Just because we all know how to breathe it does not mean that we know how to live. Just because most of us get married it does not mean that we know how to be a good spouse. Just because, we have children it does not mean that we know how to be good parents. Living, marrying and Parenting require ‘Sadhana’.
There are no universal answers to the meaning of life. I like to believe that it is a journey to the Source…its ups and downs are a lesson…Yet all journeys start with the first step…the first step towards the philosophic quest is the enquiry: “Athato Brahmn Jignasa”…
Then starts the sadhana, which is the spiritual effort the seeker puts in. The word sadhana is derived from the root word ‘sidh’ which means ‘to be accomplished’ in ‘seeking divinity’ The quest starts ‘out’ (pravritti marg) and must end ‘in’ (nivritti marg) and in the knowing that there is no ‘separation’…
Some time ago, I spent two days on a Spiritual Sadhana Camp. A few youngsters on the camp asked me what ‘Sadhana’ means. I explained that it meant ‘Discipline’ plus ‘Perseverance’.
Whatever path of Spiritual Practice you prefer to belong to, be it ‘Karma’ (The path of Righ Action), ‘Bhakti’ (The path of Devotion), Dhyaan (The path of Meditation) or ‘Gyan’ (The path of Knowledge), ‘Japa’ or chanting to still the mind, fasts, long ritualistic prayers, they are all Sadhanas. They all require discipline and perseverance. The aim of Sadhana is Spiritual uplift.
Swami Niranjananda Saraswati states:
” There are seven ways for the liberation of man. The first way is the Path of Karma. This is the discipline for the man of ordinary mettle. The second is the Vaishnava path in which devotion or Bhakti to the Lord plays a greater role than work, and is meant for a higher competence. The third is the Shaiva Path which is more a path of meditation and gyana (knowledge) …The fourth path is the Dakshina Path where Karma Bhakti Gyan are skilfully harmonised and synthesised…Then we have the Vama path or the reverse path where the natural turn outward (pavritti) is turned inward (nivritti) …Then we have the Siddhanta, the path where things are determined as to the real nature and direction of ones goal…The last is the Kaula path…There is nothing higher than the Kaula which is the essence of all essences…”
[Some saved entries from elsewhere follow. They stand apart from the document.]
(* Under the hypotheses of the fidelity statement (that is: $\mathbf{X}\in[0,1]^{m\times 2n}$ with $n$ $(key,value)$ column pairs, $\delta\in(0,1)$, $b\ge\lceil\log_2(mn/\delta)\rceil$, and $\mathbf{X}_w$ obtained by keeping $key$ columns and moving each $value$ entry into the nearest (in interval index) green interval among $I_j=[\tfrac{j-1}{b},\tfrac{j}{b}]$, each interval green independently with probability $\tfrac12$ for each entry), for every $p\ge 1$, with probability at least $1-\delta$, $$\mathcal{W}_p(F_{\mathbf{X}},F_{\mathbf{X}_w})\le \frac{\sqrt{2n}\,\lceil\log_2(mn/\delta)\rceil}{b}.$$
   Context: $F_{\mathbf{X}}$ (resp. $F_{\mathbf{X}_w}$) denotes the empirical distribution on $\mathbb{R}^{2n}$ placing mass $1/m$ on each row of $\mathbf{X}$ (resp. $\mathbf{X}_w$), and $\mathcal{W}_p$ is the $p$-Wasserstein distance with respect to the Euclidean norm on $\mathbb{R}^{2n}$. *)

theory Defs
  imports "HOL-Probability.Probability"
begin

text \<open>Points of R^d are represented as real lists of length d; Euclidean distance.\<close>
definition euclid_dist :: "real list \<Rightarrow> real list \<Rightarrow> real" where
  "euclid_dist xs ys = sqrt (\<Sum>i<length xs. (xs ! i - ys ! i)^2)"

definition mat_row :: "nat \<Rightarrow> (nat \<Rightarrow> nat \<Rightarrow> real) \<Rightarrow> nat \<Rightarrow> real list" where
  "mat_row n X i = map (X i) [0..<2*n]"

definition emp_dist :: "nat \<Rightarrow> nat \<Rightarrow> (nat \<Rightarrow> nat \<Rightarrow> real) \<Rightarrow> real list pmf" where
  "emp_dist m n X = map_pmf (mat_row n X) (pmf_of_set {0..<m})"

definition couplings :: "'a pmf \<Rightarrow> 'a pmf \<Rightarrow> ('a \<times> 'a) pmf set" where
  "couplings \<mu> \<nu> = {\<pi>. map_pmf fst \<pi> = \<mu> \<and> map_pmf snd \<pi> = \<nu>}"

definition wasserstein :: "real \<Rightarrow> real list pmf \<Rightarrow> real list pmf \<Rightarrow> real" where
  "wasserstein p \<mu> \<nu> =
     (INF \<pi>\<in>couplings \<mu> \<nu>. measure_pmf.expectation \<pi> (\<lambda>(x, y). euclid_dist x y powr p)) powr (1 / p)"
Scriptures prescribe five Maha Yajnas (Supreme Spiritual Practices)
which may aid us in our Spiritual Movement.
Brahma or Rishi Yajna: Reflecting on Scriptures, meditation and chanting.
Deva Yajna: Fire ritual in which offerings are made to gods with recitation of mantras.
Atithi Yajna: hospitality towards guests, travelers…
Pitri Yajna: Feeding the poor/priests in honor of, and remembering fore-fathers who have passed on…
Balivaishva Yajna: feeding animals and birds.
Shammi Paranjape says:
Continuity of practice and regularity are important elements of sadhana; sporadic efforts will yield no result. The goal is attained stage by stage. Avoid extremes and keep your sadhana pleasant and moderate. The aim is to enlarge vision and enhance experience, and not mortify the body.
If life essentially is a pilgrimage to return to our own self, then sadhana is our means to get there.
Our worldly works earn us a living and our inner work (sadhana) earns us the bliss of an enlightened life.